だが、館内の本の匂いに落ち着きを取り戻した俺は、なるべく気にしない事にして次の本に手を伸ばした。
勉強会をはじめて1時間程が経過した。
自習室には私達以外にも数人の利用者がいて、みんな静かに勉強している。
パッと見て並べている参考書や問題集の量から、恐らくほとんどが今年の受験生だとわかった。
私達も端の席で、その人達の邪魔にならないように座っている。
「……芹香。
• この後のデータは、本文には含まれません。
(* Let $T$ be a tree and $f,g$ proper 3-colorings of $T$. Then $$\operatorname{dist}_{\mathcal{C}_3(T)}(f,g)=\min_{h\in D(f,g)}\|h\|_1 .$$
   Context: Let $T$ be a finite tree with vertex set $V$ and edge set $E$. A proper 3-coloring of $T$ is a map $f\colon V\to\mathbb{Z}/3\mathbb{Z}$ with $f(u)\neq f(v)$ for every edge $uv\in E$. The 3-coloring graph $\mathcal{C}_3(T)$ has the proper 3-colorings as vertices, two colorings adjacent iff they differ at exactly one vertex. A labeling of $T$ is a map $h\colon V\to\mathbb{Z}$ with $|h(u)-h(v)|\le 1$ for every edge $uv\in E$, and $\|h\|_1=\sum_{v\in V}|h(v)|$. Given proper 3-colorings $f,g$, $D(f,g)$ is the set of labelings $h$ with $h(v)\equiv g(v)-f(v)\pmod 3$ for all $v\in V$. *)

theory Defs
  imports Main "HOL-Library.Numeral_Type" "HOL-Library.Extended_Nat"
begin

definition simple_graph :: "'a set \<Rightarrow> ('a \<times> 'a) set \<Rightarrow> bool" where
  "simple_graph V E \<longleftrightarrow> finite V \<and> E \<subseteq> V \<times> V \<and> sym E \<and> (\<forall>v. (v, v) \<notin> E)"

definition connected_graph :: "'a set \<Rightarrow> ('a \<times> 'a) set \<Rightarrow> bool" where
  "connected_graph V E \<longleftrightarrow> (\<forall>u\<in>V. \<forall>v\<in>V. (u, v) \<in> E\<^sup>*)"

definition is_cycle :: "('a \<times> 'a) set \<Rightarrow> 'a list \<Rightarrow> bool" where
  "is_cycle E cs \<longleftrightarrow> length cs \<ge> 3 \<and> distinct cs
     \<and> (\<forall>i. Suc i < length cs \<longrightarrow> (cs ! i, cs ! Suc i) \<in> E)
     \<and> (last cs, hd cs) \<in> E"

definition is_tree :: "'a set \<Rightarrow> ('a \<times> 'a) set \<Rightarrow> bool" where
  "is_tree V E \<longleftrightarrow> simple_graph V E \<and> V \<noteq> {} \<and> connected_graph V E
     \<and> \<not> (\<exists>cs. is_cycle E cs)"

text \<open>Proper 3-colorings with values in Z/3Z (type 3); extended by 0 outside V so that
  colorings of T correspond bijectively to these functions.\<close>
definition proper3 :: "'a set \<Rightarrow> ('a \<times> 'a) set \<Rightarrow> ('a \<Rightarrow> 3) \<Rightarrow> bool" where
  "proper3 V E f \<longleftrightarrow> (\<forall>(u, v)\<in>E. f u \<noteq> f v) \<and> (\<forall>v. v \<notin> V \<longrightarrow> f v = 0)"

definition col_adj :: "'a set \<Rightarrow> ('a \<times> 'a) set \<Rightarrow> ('a \<Rightarrow> 3) \<Rightarrow> ('a \<Rightarrow> 3) \<Rightarrow> bool" where
  "col_adj V E f g \<longleftrightarrow> proper3 V E f \<and> proper3 V E g \<and> card {v\<in>V. f v \<noteq> g v} = 1"

text \<open>Graph distance in the 3-coloring graph (infinite if not connected).\<close>
definition col_dist :: "'a set \<Rightarrow> ('a \<times> 'a) set \<Rightarrow> ('a \<Rightarrow> 3) \<Rightarrow> ('a \<Rightarrow> 3) \<Rightarrow> enat" where
  "col_dist V E f g = (INF n \<in> {n. (col_adj V E ^^ n) f g}. enat n)"

definition labeling :: "'a set \<Rightarrow> ('a \<times> 'a) set \<Rightarrow> ('a \<Rightarrow> int) \<Rightarrow> bool" where
  "labeling V E h \<longleftrightarrow> (\<forall>(u, v)\<in>E. \<bar>h u - h v\<bar> \<le> 1)"

definition norm1 :: "'a set \<Rightarrow> ('a \<Rightarrow> int) \<Rightarrow> nat" where
  "norm1 V h = nat (\<Sum>v\<in>V. \<bar>h v\<bar>)"

definition Dset :: "'a set \<Rightarrow> ('a \<times> 'a) set \<Rightarrow> ('a \<Rightarrow> 3) \<Rightarrow> ('a \<Rightarrow> 3) \<Rightarrow> ('a \<Rightarrow> int) set" where
  "Dset V E f g = {h. labeling V E h \<and> (\<forall>v\<in>V. (of_int (h v) :: 3) = g v - f v)}"

end

theory Submission imports Defs begin

text \<open>
  A labeling h in D(f, g) prescribes, vertex by vertex, by how many steps of \<open>\<plusminus>1\<close> in Z/3 the
  colour of f must be turned to reach g. Recolouring a single vertex v by \<open>\<plusminus>1\<close> changes the
  prescription at v by \<open>\<mp>1\<close>; properness of the three colourings involved guarantees that the
  result is still a labeling, so a recolouring sequence of length n yields some h with
  \<open>\<parallel>h\<parallel>\<^sub>1 \<le> n\<close>. Conversely, for \<open>h \<noteq> 0\<close> let \<open>\<sigma>\<close> be the sign of a nonzero value and consider the
  vertices maximising \<open>\<sigma> h\<close>. If each of them had a neighbour coloured \<open>f v + \<sigma>\<close>, that
  neighbour would again be a maximiser, and following such neighbours would give a
  non-backtracking walk, hence a cycle. So some maximiser v can be recoloured to \<open>f v + \<sigma>\<close>,
  which lowers \<open>\<parallel>h\<parallel>\<^sub>1\<close> by one. Finally D(f, g) is nonempty because, removing leaves one at a
  time, every Z/3-valued function on a forest lifts to a labeling.
\<close>

lemma num3_cases: "(z::3) = 0 \<or> z = 1 \<or> z = -1"
proof (cases z)
  case (of_int k)
  then have "k < 3" by simp
  with of_int have "k = 0 \<or> k = 1 \<or> k = 2" by arith
  then show ?thesis using of_int by auto
qed

lemma num3_add_add_eq_0: "(x::3) \<noteq> 0 \<Longrightarrow> x + s \<noteq> 0 \<Longrightarrow> s \<noteq> 0 \<Longrightarrow> x + s + s = 0"
  using num3_cases[of x] num3_cases[of s] by auto

lemma num3_lift_near: "\<exists>c::int. \<bar>c - t\<bar> \<le> 1 \<and> (of_int c :: 3) = d"
proof -
  consider "d - of_int t = 0" | "d - of_int t = 1" | "d - of_int t = -1"
    using num3_cases by blast
  then show ?thesis
  proof cases
    case 1 then show ?thesis by (intro exI[of _ t]) simp
  next
    case 2 then show ?thesis by (intro exI[of _ "t + 1"]) (simp add: diff_eq_eq)
  next
    case 3 then show ?thesis by (intro exI[of _ "t - 1"]) (simp add: diff_eq_eq)
  qed
qed

lemma nonbacktracking_walk_imp_cycle:
  fixes w :: "nat \<Rightarrow> 'a"
  assumes "finite V" and "\<And>k. w k \<in> V" and edge: "\<And>k. (w k, w (Suc k)) \<in> E"
    and nonbacktracking: "\<And>k. w (Suc (Suc k)) \<noteq> w k" and irrefl: "\<And>v. (v, v) \<notin> E"
  shows "\<exists>cs. is_cycle E cs"
proof -
  have "\<not> inj w"
    using assms(1,2) range_inj_infinite finite_subset by (metis image_subsetI)
  then have "\<exists>j. \<exists>i<j. w i = w j" by (metis linorder_injI)
  then obtain j where "\<exists>i<j. w i = w j" and first: "\<And>k. k < j \<Longrightarrow> \<not> (\<exists>i<k. w i = w k)"
    unfolding exists_least_iff[of "\<lambda>j. \<exists>i<j. w i = w j"] by blast
  then obtain i where ij: "i < j" "w i = w j" by blast
  have "inj_on w {i..<j}"
    by (rule linorder_inj_onI') (use first in fastforce)
  moreover have "j \<noteq> Suc i" "j \<noteq> Suc (Suc i)"
    using edge[of i] irrefl nonbacktracking[of i] ij by auto
  moreover have "(w (j - 1), w j) \<in> E"
    using edge[of "j - 1"] ij by simp
  ultimately have "is_cycle E (map w [i..<j])"
    using ij edge by (auto simp: is_cycle_def distinct_map last_map hd_map)
  then show ?thesis by blast
qed

lemma acyclic_no_nonbacktracking_successor:
  assumes "finite S" and "x0 \<in> S" and irrefl: "\<And>v. (v, v) \<notin> E"
    and acyclic: "\<nexists>cs. is_cycle E cs"
    and succ: "\<And>x. x \<in> S \<Longrightarrow> nx x \<in> S \<and> (x, nx x) \<in> E"
    and nonbacktracking: "\<And>x. x \<in> S \<Longrightarrow> nx (nx x) \<noteq> x"
  shows False
proof -
  define w where "w k = (nx ^^ k) x0" for k
  have inS: "w k \<in> S" for k
    by (induction k) (use \<open>x0 \<in> S\<close> succ in \<open>auto simp: w_def\<close>)
  moreover have "(w k, w (Suc k)) \<in> E" "w (Suc (Suc k)) \<noteq> w k" for k
    using succ[OF inS[of k]] nonbacktracking[OF inS[of k]] by (simp_all add: w_def)
  ultimately show False
    using nonbacktracking_walk_imp_cycle[OF assms(1), of w E] irrefl acyclic by blast
qed
(* Let $\alpha\in(0,1]$, $\beta=1-\alpha$, and let $f:[a,b]\to\mathbb{R}$ ($a<b$) be continuous on $[a,b]$ and $\alpha$-differentiable on $(a,b)$. Then there exists $c\in(a,b)$ such that $$D^\alpha f(c)=\beta f(c)+\alpha\,\frac{f(b)-f(a)}{b-a}.$$
   Context: For a real function $f$ defined on an open interval $(a,b)$, a number $\alpha\in[0,1]$ and $\beta=1-\alpha$, the deformable derivative ($\alpha$-derivative) of $f$ at $t\in(a,b)$ is $$D^\alpha f(t)=\lim_{\epsilon\to0}\frac{(1+\epsilon\beta)f(t+\epsilon\alpha)-f(t)}{\epsilon},$$ whenever this limit exists; in that case $f$ is called $\alpha$-differentiable at $t$. $f$ is $\alpha$-differentiable on $(a,b)$ if it is so at every point of $(a,b)$. *)

theory Defs
  imports "HOL-Analysis.Analysis"
begin

definition alpha_quot :: "real \<Rightarrow> (real \<Rightarrow> real) \<Rightarrow> real \<Rightarrow> real \<Rightarrow> real" where
  "alpha_quot \<alpha> f t \<epsilon> = ((1 + \<epsilon> * (1 - \<alpha>)) * f (t + \<epsilon> * \<alpha>) - f t) / \<epsilon>"

definition alpha_differentiable_at :: "real \<Rightarrow> (real \<Rightarrow> real) \<Rightarrow> real \<Rightarrow> bool" where
  "alpha_differentiable_at \<alpha> f t \<longleftrightarrow> (\<exists>L. (alpha_quot \<alpha> f t \<longlongrightarrow> L) (at 0))"

definition alpha_deriv :: "real \<Rightarrow> (real \<Rightarrow> real) \<Rightarrow> real \<Rightarrow> real" where
  "alpha_deriv \<alpha> f t = Lim (at 0) (alpha_quot \<alpha> f t)"

end

theory Submission
  imports Defs
begin

text \<open>
  Substituting \<open>\<epsilon> = h / \<alpha>\<close> turns the \<open>\<alpha>\<close>-difference quotient into
  \<open>(1 - \<alpha>) f(t + h) + \<alpha> (f(t + h) - f t) / h\<close>. Hence, at a point of continuity,
  \<open>\<alpha>\<close>-differentiability with \<open>\<alpha>\<close>-derivative \<open>L\<close> yields ordinary differentiability with
  derivative \<open>(L - (1 - \<alpha>) f t) / \<alpha>\<close>, and the claim is the classical mean value theorem
  rewritten in terms of \<open>D\<^sup>\<alpha>\<close>.
\<close>

lemma filterlim_divide_const_at_0:
  fixes c :: real
  assumes "c \<noteq> 0"
  shows "filterlim (\<lambda>h. h / c) (at 0) (at 0)"
proof (rule filterlim_atI)
  show "((\<lambda>h. h / c) \<longlongrightarrow> 0) (at 0)"
    using tendsto_divide[OF tendsto_ident_at tendsto_const assms, of 0] by simp
  show "\<forall>\<^sub>F h in at 0. h / c \<noteq> 0"
    using assms by (simp add: eventually_at_filter)
qed

lemma difference_quotient_eq_alpha_quot:
  assumes "\<alpha> \<noteq> 0" "h \<noteq> 0"
  shows "(f (t + h) - f t) / h = (alpha_quot \<alpha> f t (h / \<alpha>) - (1 - \<alpha>) * f (t + h)) / \<alpha>"
  using assms by (simp add: alpha_quot_def field_simps)

lemma has_real_derivative_if_alpha_quot_tendsto:
  assumes "\<alpha> \<noteq> 0" "isCont f t" "(alpha_quot \<alpha> f t \<longlongrightarrow> L) (at 0)"
  shows "(f has_real_derivative (L - (1 - \<alpha>) * f t) / \<alpha>) (at t)"
proof -
  have "((\<lambda>h. alpha_quot \<alpha> f t (h / \<alpha>)) \<longlongrightarrow> L) (at 0)"
    using filterlim_compose[OF assms(3) filterlim_divide_const_at_0[OF assms(1)]] .
  moreover have "((\<lambda>h. f (t + h)) \<longlongrightarrow> f t) (at 0)"
    using assms(2) by (simp add: isCont_iff)
  ultimately have "((\<lambda>h. (alpha_quot \<alpha> f t (h / \<alpha>) - (1 - \<alpha>) * f (t + h)) / \<alpha>)
      \<longlongrightarrow> (L - (1 - \<alpha>) * f t) / \<alpha>) (at 0)"
    by (intro tendsto_intros) (use assms(1) in auto)
  then have "((\<lambda>h. (f (t + h) - f t) / h) \<longlongrightarrow> (L - (1 - \<alpha>) * f t) / \<alpha>) (at 0)"
    by (rule Lim_transform_eventually)
       (simp add: eventually_at_filter difference_quotient_eq_alpha_quot[OF assms(1)])
  then show ?thesis
    by (simp add: DERIV_def)
qed

lemma alpha_deriv_eqI:
  assumes "(alpha_quot \<alpha> f t \<longlongrightarrow> L) (at 0)"
  shows "alpha_deriv \<alpha> f t = L"
  unfolding alpha_deriv_def using assms by (intro tendsto_Lim) simp_all

theorem theorem3p2:
  fixes \<alpha> a b :: real and f :: "real \<Rightarrow> real"
  assumes "0 < \<alpha>" "\<alpha> \<le> 1" "a < b"
    and "continuous_on {a..b} f"
    and "\<forall>t\<in>{a<..<b}. alpha_differentiable_at \<alpha> f t"
  shows "\<exists>c\<in>{a<..<b}. alpha_deriv \<alpha> f c = (1 - \<alpha>) * f c + \<alpha> * ((f b - f a) / (b - a))"
proof -
  have derivative: "(f has_real_derivative (alpha_deriv \<alpha> f t - (1 - \<alpha>) * f t) / \<alpha>) (at t)"
    if t: "a < t" "t < b" for t
  proof -
    obtain L where L: "(alpha_quot \<alpha> f t \<longlongrightarrow> L) (at 0)"
      using assms(5) t unfolding alpha_differentiable_at_def by force
    have "isCont f t"
      using assms(4) t by (intro continuous_on_interior[of "{a..b}"]) auto
    with L show ?thesis
      using assms(1) by (simp add: alpha_deriv_eqI has_real_derivative_if_alpha_quot_tendsto)
  qed
  obtain c l where c: "a < c" "c < b" "(f has_real_derivative l) (at c)" "f b - f a = (b - a) * l"
    using MVT[OF assms(3,4)] derivative real_differentiable_def by blast
  have "l = (alpha_deriv \<alpha> f c - (1 - \<alpha>) * f c) / \<alpha>"
    using DERIV_unique[OF c(3) derivative[OF c(1,2)]] .
  then have "alpha_deriv \<alpha> f c = (1 - \<alpha>) * f c + \<alpha> * l"
    using assms(1) by (simp add: field_simps)
  moreover have "l = (f b - f a) / (b - a)"
    using assms(3) c(4) by simp
  ultimately show ?thesis
    using c(1,2)
    by auto
qed

end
これ、わからない」
「うん、見せて?」
基本的には茜がわからないところを、芹香が教えている。
たまに私まで質問が飛んでくる事はあったが、ほとんど芹香だけで大丈夫そうだし、私は自分の分の宿題に集中出来ていた。
(……もう、終わっちゃったんだけどな)
数学の問題集を広げてはいるが、わからない問題はあったものの、そこ以外の回答欄は埋まってしまった。
そもそも夏休み中いつ翔太くんとの時間が出来るかもわからないので、早めに終わるように計画は立てていたから今日までにほとんど終わらせていたのだ。
それをこの時間で片付けてしまったので、正直、私はする事がない。
(……翔太くん、何してるかな)
ほぼ間違いなく本を読んでいるのだろうが、どうしても気になる。
しかも、今日なら私服姿で本を読む彼を写真に収める事が出来るかも知れないし……。
それに翔太くんのお家に行ってから、もう5日も経っている。
翔太くんは『別の料理を考えておく』と言ったクセに、あれからちっとも連絡を返してくれない。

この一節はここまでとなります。